Es momento de coger el teleférico y ascender hasta la parte alta de la ciudad para visitar la Quinta Monte Palace. Existen varias líneas de teleférico en Funchal, pero en este caso deberemos coger el Teleférico del Monte, que sale de la estación situada en Campo Almirante de Reis. Podemos comprar un billete de ida y vuelta para volver en el mismo teleférico, aunque, como verás más adelante, hay otra manera mucho más divertida, y sorprendente, para descender.

Jardines de Monte Palace

Los jardines que se pueden visitar en la Quinta de Monte Palace son, sin duda, unos de las más completos que he visto en mi vida y aparecen de forma recurrente entre los más bonitos del mundo. Un recinto enorme compuesto por varios niveles y terrazas que nos van sorprendiendo por su variedad de diferentes estilos y una decoración floral que, al menos en verano, resulta cautivadora.

La historia de esta finca nace por el sueño de Charles Murray, cónsul inglés en la isla, quien comenzó la construcción del palacete y los jardines en el siglo XVIII, aunque fue ya bajo la propiedad de Alfredo Guilherme Rodrigues y José Manuel Rodrigues Berardo, su propietario actual, cuando adquiere su aspecto actual. A lo largo del paseo no dejaremos de encontrarnos infinitas sorpresas: una colección de arte africano de Zimbabue, una completa exposición sobre minerales, un jardín japonés con esculturas de buda, una impresionante colección de azulejos que narra la historia de Portugal … Hasta terminar en un cautivador estanque del que no nos querremos marchar.

En los alrededores de la Quinta, se encuentra también la bonita iglesia de Nuestra Señora do Monte que conserva los restos Carlos de Habsburgo, último emperador del imperio austriaco. Y junto a ella, el lugar de salida de los conocidos como Carreiros do Monte, la manera más alocada y divertida para descender hasta la ciudad. ¿Te atreves?

Carreiros do Monte

Si un amigo tuyo se tirase cuesta abajo metido en una cesta de mimbre, ¿tú también te tirarías?  Eso se preguntó alguien a mediados del siglo XIX y su respuesta debió ser afirmativa. Fue entonces cuando empezaron a utilizarse una serie de curiosos carros elaborados con mimbre, que no tienen ruedas ni volante, para transportar a personas. Se dejan caer desde los inclinados caminos que bajan desde Monte a Funchal y solo cuentan con el control que les aporta la sorprendente habilidad de sus conductores, los conocidos como carreiros.
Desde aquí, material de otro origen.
lemma arr_0_eq_1:
  assumes c: "c \<in> tuples p s N" and low: "tlevel c \<le> N"
  shows "arr p s N lam 0 c = 1"
proof -
  have "lam (drop k c @ replicate (k + 1) (gzero s)) = 1" if k: "k < N" for k
  proof -
    have "lam ((drop k c @ replicate k (gzero s)) @ [gzero s]) = 1"
      using tilde_level_shift_zeros[OF c low, of k] k low by (intro lam_append_zero) auto
    then show ?thesis by (simp add: replicate_append_same[symmetric])
  qed
  then show ?thesis by simp
qed

lemma weights_sum_1:
  assumes B: "B \<in> tuples p s N"
  shows "(\<Sum>d\<in>GF p s. lam (B @ [d])) = 1"
proof (cases "B = zeros")
  case True
  have "(\<Sum>d\<in>GF p s. lam (B @ [d])) = (\<Sum>d\<in>{gzero s}. lam (B @ [d]))"
    using True lam_zeros_append_nonzero gzero_in_GF[OF p_pos]
    by (intro sum.mono_neutral_right finite_GF) auto
  then show ?thesis using True lam_all_zeros by simp
next
  case False
  have "(\<Sum>d\<in>GF p s. lam (B @ [d])) = (\<Sum>d\<in>Dset p s N V r par lab B. lam (B @ [d]))"
    using lam_outside_Dset[OF B False]
    by (intro sum.mono_neutral_right finite_GF) (auto simp: Dset_def)
  then show ?thesis using lam_sum_Dset[OF B False] by simp
qed

text \<open>At the root of \<open>T~\<close> the weight sits on \<open>d = 0\<close>, which leads back to the root
  itself; hence the second disjunct.\<close>

lemma weight_support:
  assumes B: "B \<in> tuples p s N" and d: "d \<in> GF p s" and nonzero: "lam (B @ [d]) \<noteq> 0"
  shows "tlevel (tl B @ [d]) < tlevel B \<or> tlevel (tl B @ [d]) = 0"
proof (cases "B = zeros")
  case True
  then have "d = gzero s" using lam_zeros_append_nonzero d nonzero by auto
  then have "tl B @ [d] = B"
    using True N_pos tl_replicate_append_same[of N] by (metis less_le_trans zero_less_one)
  then show ?thesis using tilde_level_zero_iff[OF B] True by simp
next
  case False
  then have "d \<in> Dset p s N V r par lab B" using lam_outside_Dset[OF B False d] nonzero by auto
  then show ?thesis by (simp add: Dset_def)
qed

lemma arr_eq_1:
  "\<lbrakk>c \<in> tuples p s N; tlevel c \<le> N + n\<rbrakk> \<Longrightarrow> arr p s N lam n c = 1"
proof (induction n arbitrary: c)
  case 0
  then show ?case using arr_0_eq_1 by simp
next
  case (Suc n)
  have "(\<Sum>d\<in>GF p s. lam (c @ [d]) * arr p s N lam n (tl c @ [d]))
      = (\<Sum>d\<in>GF p s. lam (c @ [d]))"
  proof (rule sum.cong)
    fix d assume d: "d \<in> GF p s"
    show "lam (c @ [d]) * arr p s N lam n (tl c @ [d]) = lam (c @ [d])"
    proof (cases "lam (c @ [d]) = 0")
      case False
      then have "tlevel (tl c @ [d]) \<le> N + n"
        using weight_support[OF Suc.prems(1) d] Suc.prems(2) by auto
      then show ?thesis
        using Suc.IH tl_append_in_tuples[OF Suc.prems(1) d N_pos] by simp
    qed simp
  qed simp
  then show ?case using weights_sum_1[OF Suc.prems(1)] by simp
qed

end

theorem lemma4p2:
  fixes p s N n :: nat
    and V :: "'v set" and r :: 'v and par :: "'v \<Rightarrow> 'v" and lab :: "'v \<Rightarrow> nat list"
    and \<beta> :: "nat list list \<Rightarrow> complex"
    and i :: "nat list list"
  assumes "prime p" and "1 \<le> s" and "1 \<le> N"
    and "valid_tree p s N V r par lab"
    and "compatible p s N V r par lab (mask_lambda p s N \<beta>)"
    and "i \<in> tuples p s N"
    and "tilde_level N V r par lab i \<le> N + n"
  shows "arr p s N (mask_lambda p s N \<beta>) n i = 1"
proof -
  interpret compatible_weights p s N V r par lab "mask_lambda p s N \<beta>"
    using assms(1,3-5) prime_gt_0_nat by unfold_locales auto
  show ?thesis using arr_eq_1 assms(6,7) by blast
qed

end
En su origen se usaban para transportar mercancías y a las clases más pudientes que vivían en esta zona de la isla, pero hoy en día permanecen simplemente como un curioso reclamo turístico. Más de 150 carreiros se van alternando para conducir estos carros mientras una larga cola de turistas aguarda su turno. Más de uno, eso sí, se arrepiente en esta espera después de ver cómo estos carros salen disparados sin control en la primera cuesta y se dirigen hacia una carretera donde, oh vaya, no está cortada la circulación.

Pese a la sensación de peligro y/o emoción, nos aseguran que los accidentes no son para nada habituales. Viendo la extremada habilidad y experiencia de sus conductores nos lo podemos creer. El trayecto dura entre diez y quince minutos, dependiendo del tráfico que encontremos en el camino, y termina en Livramento. Una zona intermedia de la colina desde la cual podremos coger un autobús, un taxi o bajar andando una media hora hasta el centro de Funchal.

Zona sur de la isla

Si nuestro alojamiento se encuentra en Funchal o alrededores, lo normal sería empezar nuestro recorrido de la isla por el sur y visitar algunos de los bonitos pueblos que se esparcen por esta costa. Existe un bonito paseo marítimo que nos permite acceder a los más cercanos como Cámara de Lobos, atravesando las piscinas naturales de Lido o Praia Formosa. Al resto podremos llegar con nuestro coche o con algunos autobuses públicos que conectan los principales núcleos urbanos.

Câmara de Lobos y Ribeira Brava

Câmara de Lobos es un encantador pueblo que todavía conserva su espíritu marinero. Un reducido conjunto de callejuelas gira en torno a una pequeña bahía ocupada por las embarcaciones de los pescadores que se entremezclan con turistas practicando kayak o padel.

Justo junto al puerto se encuentra la Capilla de Nuestra Señora de Conceiçao, una encantadora ermita de estilo colonial. Y, frente a ella, te animamos a buscar la estatua dedicada a Churchill, junto al hotel que lleva su nombre. El famoso político inglés era un enamorado de la isla y la visitó en varias ocasiones.

Muy próxima, se encuentra la población de Ribeira Brava que, quizás, no ha conservado el mismo encanto pero que cuenta con algunos atractivos turísticos como su Museo Etnográfico de Madeira, su capilla dedicada a San Bento o algunos bonitos miradores hacia la bahía.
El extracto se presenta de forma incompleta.